4 The result of E1 << E2 is E1 left-shifted E2 bit positions; vacated bits are filled with zeros. If E1 has an unsigned type, the value of the result is E1 × 2^E2 , reduced modulo one more than the maximum value representable in the result type. If E1 has a signed type and nonnegative value, and E1 × 2^E2 is representable in the result type, then that is the resulting value; otherwise, the behavior is undefined.

Q2: The reduction modulo one more than the maximum value representable in the unsigned integer type means that the bits that are shifted out on the left are simply discarded.

Mathematically, if the maximal value of the unsigned type is 2^n - 1 (and it is always of that form), the result of shifting E1 left by E2 bits is the value V in the range from 0 to 2^n - 1 such that the difference

(E1 * 2^E2 - V)

is divisible by 2^n, that is, it’s the remainder you get when dividing E1 * 2^E2 by 2^n.

Q3: The behaviour upon shifting right negative values of signed integer types is implementation-defined.
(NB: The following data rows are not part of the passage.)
(* Let $e\in\,]0,1[$ and define $U:[0,1]^2\to[0,1]$ by $$U(x,y)=\begin{cases}1 & \max(x,y)=1,\\ \max(x,y) & x,y\in\,]e,1[,\\ 0 & x,y\in[0,e[,\\ x & y=e,\\ y & x=e,\\ \min(x,y) & \text{otherwise.}\end{cases}$$ Then $U$ is a disjunctive uninorm with neutral element $e$, and for every $\alpha\in\,]0,1[$ with $\alpha\ne e$ the cut $U(\cdot,\alpha)$ is not a continuous function with range $[0,1]$. Consequently, for every continuous fuzzy negation $N$, the function $I(x,y)=U(N(x),y)$ has a unique representation as a $(U,N)$-implication with a continuous fuzzy negation: if $U'$ is a disjunctive uninorm with neutral element in $]0,1[$ and $N'$ is a continuous fuzzy negation with $U'(N'(x),y)=I(x,y)$ for all $x,y$, then $U'=U$ and $N'=N$.
   Context: A fuzzy negation is a non-increasing map $N:[0,1]\to[0,1]$ with $N(0)=1$, $N(1)=0$. A uninorm is a map $U:[0,1]^2\to[0,1]$ that is commutative, associative, non-decreasing in each variable, and has a neutral element $e\in[0,1]$. A uninorm is disjunctive if $U(1,0)=1$. *)

theory Defs
  imports "HOL-Analysis.Analysis"
begin

definition fuzzy_negation :: "(real \<Rightarrow> real) \<Rightarrow> bool" where
  "fuzzy_negation N \<longleftrightarrow>
     (\<forall>x\<in>{0..1}. N x \<in> {0..1}) \<and>
     (\<forall>x\<in>{0..1}. \<forall>y\<in>{0..1}. x \<le> y \<longrightarrow> N y \<le> N x) \<and>
     N 0 = 1 \<and> N 1 = 0"

definition uninorm :: "(real \<Rightarrow> real \<Rightarrow> real) \<Rightarrow> real \<Rightarrow> bool" where
  "uninorm U e \<longleftrightarrow>
     e \<in> {0..1} \<and>
     (\<forall>x\<in>{0..1}. \<forall>y\<in>{0..1}. U x y \<in> {0..1}) \<and>
     (\<forall>x\<in>{0..1}. \<forall>y\<in>{0..1}. U x y = U y x) \<and>
     (\<forall>x\<in>{0..1}. \<forall>y\<in>{0..1}. \<forall>z\<in>{0..1}. U (U x y) z = U x (U y z)) \<and>
     (\<forall>x\<in>{0..1}. \<forall>y\<in>{0..1}. \<forall>z\<in>{0..1}. x \<le> y \<longrightarrow> U x z \<le> U y z) \<and>
     (\<forall>x\<in>{0..1}. U e x = x)"

definition disjunctive :: "(real \<Rightarrow> real \<Rightarrow> real) \<Rightarrow> bool" where
  "disjunctive U \<longleftrightarrow> U 1 0 = 1"

definition Ue :: "real \<Rightarrow> real \<Rightarrow> real \<Rightarrow> real" where
  "Ue e x y =
     (if max x y = 1 then 1
      else if e < x \<and> x < 1 \<and> e < y \<and> y < 1 then max x y
      else if 0 \<le> x \<and> x < e \<and> 0 \<le> y \<and> y < e then 0
      else if y = e then x
      else if x = e then y
      else min x y)"

end

theory Submission
  imports Defs
begin

text \<open>
  On each of the regions [0,e[, {e}, ]e,1[, {1} the uninorm acts by a simple rule, so its
  axioms reduce to a finite case analysis. For \<alpha> \<noteq> e in ]0,1[ the cut U(\<cdot>,\<alpha>) never takes
  the value e, so it cannot map [0,1] onto [0,1]. This is what makes the representation
  unique: if U'(N' x, y) = U(N x, y), pick x with N' x = e; evaluating at y = e' gives
  U(N x, e') = e, forcing e' = e; then N' = N follows by putting y = e, and U' = U because
  continuous negations are onto.
\<close>

lemma fuzzy_negation_image:
  assumes "fuzzy_negation N" and "continuous_on {0..1} N"
  shows "N ` {0..1} = {0..1}"
proof
  show "N ` {0..1} \<subseteq> {0..1}"
    using assms(1) unfolding fuzzy_negation_def by auto
  show "{0..1} \<subseteq> N ` {0..1}"
  proof
    fix a :: real assume "a \<in> {0..1}"
    then have "N 1 \<le> a" "a \<le> N 0"
      using assms(1) unfolding fuzzy_negation_def by auto
    from IVT2'[OF this _ assms(2)] show "a \<in> N ` {0..1}" by auto
  qed
qed

lemma uninorm_implication_unique:
  assumes U: "uninorm U e" and U': "uninorm U' e'"
    and N: "fuzzy_negation N"
    and N': "fuzzy_negation N'" "continuous_on {0..1} N'"
    and eq: "\<forall>x\<in>{0..1}. \<forall>y\<in>{0..1}. U' (N' x) y = U (N x) y"
    and avoids: "e' \<noteq> e \<Longrightarrow> e \<notin> (\<lambda>x. U x e') ` {0..1}"
  shows "e' = e" and "\<forall>x\<in>{0..1}. N' x = N x" and "\<forall>x\<in>{0..1}. \<forall>y\<in>{0..1}. U' x y = U x y"
proof -
  have e: "e \<in> {0..1}" and e': "e' \<in> {0..1}"
    using U U' unfolding uninorm_def by auto
  have N_range: "N x \<in> {0..1}" if "x \<in> {0..1}" for x
    using N that unfolding fuzzy_negation_def by auto
  have U'_neutral: "U' x e' = x" if "x \<in> {0..1}" for x
    using U' that unfolding uninorm_def by auto
  have U_neutral: "U x e = x" if "x \<in> {0..1}" for x
    using U that unfolding uninorm_def by auto
  have N'_onto: "N' ` {0..1} = {0..1}"
    using fuzzy_negation_image[OF N'] .
  show ee: "e' = e"
  proof (rule ccontr)
    assume "e' \<noteq> e"
    obtain x where x: "x \<in> {0..1}" "N' x = e"
      using e N'_onto by (metis imageE)
    have "U (N x) e' = e"
      using eq x e' U'_neutral[OF e] by metis
    with avoids[OF \<open>e' \<noteq> e\<close>] N_range[OF x(1)] show False by auto
  qed
  have NN: "N' x = N x" if "x \<in> {0..1}" for x
  proof -
    have "N' x = U' (N' x) e'"
      using U'_neutral[of "N' x"] N'_onto that by (metis image_eqI)
    also have "\<dots> = U (N x) e" using eq that e' ee by simp
    also have "\<dots> = N x" using U_neutral N_range that by simp
    finally show ?thesis .
  qed
  then show "\<forall>x\<in>{0..1}. N' x = N x" by blast
  show "\<forall>x\<in>{0..1}. \<forall>y\<in>{0..1}. U' x y = U x y"
  proof (intro ballI)
    fix a y :: real assume "a \<in> {0..1}" "y \<in> {0..1}"
    then obtain x where "x \<in> {0..1}" "a = N' x"
      using N'_onto by (metis imageE)
    then show "U' a y = U a y"
      using eq NN \<open>y \<in> {0..1}\<close> by simp
  qed
qed

context
  fixes e :: real
  assumes e_pos: "0 < e" and e_less_1: "e < 1"
begin

lemma Ue_one_left: "y \<le> 1 \<Longrightarrow> Ue e 1 y = 1"
  unfolding Ue_def by (simp add: max_def)

lemma Ue_one_right: "x \<le> 1 \<Longrightarrow> Ue e x 1 = 1"
  unfolding Ue_def by (simp add: max_def)

lemma Ue_neutral_left: "y \<le> 1 \<Longrightarrow> Ue e e y = y"
  using e_less_1 unfolding Ue_def by (auto simp add: max_def)

lemma Ue_neutral_right: "x \<le> 1 \<Longrightarrow> Ue e x e = x"
  using e_less_1 unfolding Ue_def by (auto simp add: max_def)

lemma Ue_low_low: "0 \<le> x \<Longrightarrow> x < e \<Longrightarrow> 0 \<le> y \<Longrightarrow> y < e \<Longrightarrow> Ue e x y = 0"
  using e_less_1 unfolding Ue_def by (auto simp add: max_def)

lemma Ue_high_high: "e < x \<Longrightarrow> x < 1 \<Longrightarrow> e < y \<Longrightarrow> y < 1 \<Longrightarrow> Ue e x y = max x y"
  using e_less_1 unfolding Ue_def by (auto simp add: max_def)

lemma Ue_low_high: "0 \<le> x \<Longrightarrow> x < e \<Longrightarrow> e < y \<Longrightarrow> y < 1 \<Longrightarrow> Ue e x y = x"
  using e_less_1 unfolding Ue_def by (auto simp add: max_def min_def)

lemma Ue_high_low: "0 \<le> y \<Longrightarrow> y < e \<Longrightarrow> e < x \<Longrightarrow> x < 1 \<Longrightarrow> Ue e x y = y"
  using e_less_1 unfolding Ue_def by (auto simp add: max_def min_def)

lemmas Ue_regions = Ue_one_left Ue_one_right Ue_neutral_left Ue_neutral_right
  Ue_low_low Ue_high_high Ue_low_high Ue_high_low

lemma unit_interval_regions_cases:
  assumes "x \<in> {0..1}"
  obtains "0 \<le> x" "x < e" | "x = e" | "e < x" "x < 1" | "x = 1"
  using assms by force

lemma Ue_range: "x \<in> {0..1} \<Longrightarrow> y \<in> {0..1} \<Longrightarrow> Ue e x y \<in> {0..1}"
  by (erule unit_interval_regions_cases; erule unit_interval_regions_cases)
    (use e_pos e_less_1 in \<open>auto simp add: Ue_regions max_def\<close>)

lemma Ue_commute: "x \<in> {0..1} \<Longrightarrow> y \<in> {0..1} \<Longrightarrow> Ue e x y = Ue e y x"
  by (erule unit_interval_regions_cases; erule unit_interval_regions_cases)
    (use e_pos e_less_1 in \<open>simp_all add: Ue_regions max_def\<close>)

lemma Ue_assoc:
  "x \<in> {0..1} \<Longrightarrow> y \<in> {0..1} \<Longrightarrow> z \<in> {0..1} \<Longrightarrow> Ue e (Ue e x y) z = Ue e x (Ue e y z)"
  by (erule unit_interval_regions_cases; erule unit_interval_regions_cases;
      erule unit_interval_regions_cases)
    (use e_pos e_less_1 in \<open>simp_all add: Ue_regions max_def\<close>)

lemma Ue_mono_left:
  "x \<in> {0..1} \<Longrightarrow> y \<in> {0..1} \<Longrightarrow> z \<in> {0..1} \<Longrightarrow> x \<le> y \<Longrightarrow> Ue e x z \<le> Ue e y z"
  by (erule unit_interval_regions_cases; erule unit_interval_regions_cases;
      erule unit_interval_regions_cases)
    (use e_pos e_less_1 in \<open>auto simp add: Ue_regions max_def\<close>)

lemma uninorm_Ue: "uninorm (Ue e) e"
  unfolding uninorm_def
  using Ue_range Ue_commute Ue_assoc Ue_mono_left Ue_neutral_left Ue_neutral_right e_pos e_less_1
  by auto

lemma disjunctive_Ue: "disjunctive (Ue e)"
  unfolding disjunctive_def by (simp add: Ue_one_left)

lemma Ue_cut_ne_neutral:
  "x \<in> {0..1} \<Longrightarrow> \<alpha> \<in> {0..1} \<Longrightarrow> 0 < \<alpha> \<Longrightarrow> \<alpha> < 1 \<Longrightarrow> \<alpha> \<noteq> e \<Longrightarrow> Ue e x \<alpha> \<noteq> e"
  by (erule unit_interval_regions_cases; erule unit_interval_regions_cases)
    (use e_pos e_less_1 in \<open>auto simp add: Ue_regions max_def\<close>)

lemma Ue_cut_avoids_neutral:
  assumes "0 < \<alpha>" "\<alpha> < 1" "\<alpha> \<noteq> e"
  shows "e \<notin> (\<lambda>x. Ue e x \<alpha>) ` {0..1}"
proof
  assume "e \<in> (\<lambda>x. Ue e x \<alpha>) ` {0..1}"
  then obtain x where "x \<in> {0..1}" "Ue e x \<alpha> = e" by auto
  moreover have "\<alpha> \<in> {0..1}" using assms(1,2) by simp
  ultimately show False
    using Ue_cut_ne_neutral[OF _ _ assms] by simp
qed

end

theorem mainTheorem6:
  fixes e :: real
  assumes "0 < e" and "e < 1"
  shows "uninorm (Ue e) e \<and> disjunctive (Ue e)
    \<and> (\<forall>\<alpha>. 0 < \<alpha> \<and> \<alpha> < 1 \<and> \<alpha> \<noteq> e \<longrightarrow>
          \<not> (continuous_on {0..1} (\<lambda>x. Ue e x \<alpha>) \<and> (\<lambda>x. Ue e x \<alpha>) ` {0..1} = {0..1}))
    \<and> (\<forall>N. fuzzy_negation N \<and> continuous_on {0..1} N \<longrightarrow>
          (\<forall>U' e' N'. uninorm U' e' \<and> 0 < e' \<and> e' < 1 \<and> disjunctive U'
              \<and> fuzzy_negation N' \<and> continuous_on {0..1} N'
              \<and> (\<forall>x\<in>{0..1}. \<forall>y\<in>{0..1}. U' (N' x) y = Ue e (N x) y)
            \<longrightarrow> (\<forall>x\<in>{0..1}. \<forall>y\<in>{0..1}. U' x y = Ue e x y)
                \<and> (\<forall>x\<in>{0..1}. N' x = N x)))"
proof (intro conjI allI impI)
  show "uninorm (Ue e) e" and "disjunctive (Ue e)"
    using uninorm_Ue disjunctive_Ue assms by auto
next
  fix \<alpha> assume "0 < \<alpha> \<and> \<alpha> < 1 \<and> \<alpha> \<noteq> e"
  then have "e \<notin> (\<lambda>x. Ue e x \<alpha>) ` {0..1}"
    using Ue_cut_avoids_neutral[OF assms] by simp
  moreover have "e \<in> {0..1}" using assms by simp
  ultimately show "\<not> (continuous_on {0..1} (\<lambda>x. Ue e x \<alpha>) \<and> (\<lambda>x. Ue e x \<alpha>) ` {0..1} = {0..1})"
    by metis
next
  fix N U' e' N'
  assume "fuzzy_negation N \<and> continuous_on {0..1} N"
  then have N: "fuzzy_negation N" by simp
  assume "uninorm U' e' \<and> 0 < e' \<and> e' < 1 \<and> disjunctive U'
    \<and> fuzzy_negation N' \<and> continuous_on {0..1} N'
    \<and> (\<forall>x\<in>{0..1}. \<forall>y\<in>{0..1}. U' (N' x) y = Ue e (N x) y)"
  then have U': "uninorm U' e'" and e': "0 < e'" "e' < 1"
    and N': "fuzzy_negation N'" "continuous_on {0..1} N'"
    and eq: "\<forall>x\<in>{0..1}. \<forall>y\<in>{0..1}. U' (N' x) y = Ue e (N x) y"
    by simp_all
  have "e' \<noteq> e \<Longrightarrow> e \<notin> (\<lambda>x. Ue e x e') ` {0..1}"
    using Ue_cut_avoids_neutral[OF assms e'] .
  from uninorm_implication_unique(2,3)[OF uninorm_Ue[OF assms] U' N N' eq this]
  show "\<forall>x\<in>{0..1}. \<forall>y\<in>{0..1}. U' x y = Ue e x y" and "\<forall>x\<in>{0..1}. N' x = N x"
    by blast+
qed

end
The most common behaviour (at least on two’s complement machines) is an arithmetic shift, that is, the result is the quotient rounded down (towards negative infinity).

5 The result of E1 >> E2 is E1 right-shifted E2 bit positions. If E1 has an unsigned type or if E1 has a signed type and a nonnegative value, the value of the result is the integral part of the quotient of E1 / 2^E2 . If E1 has a signed type and a negative value, the resulting value is implementation-defined.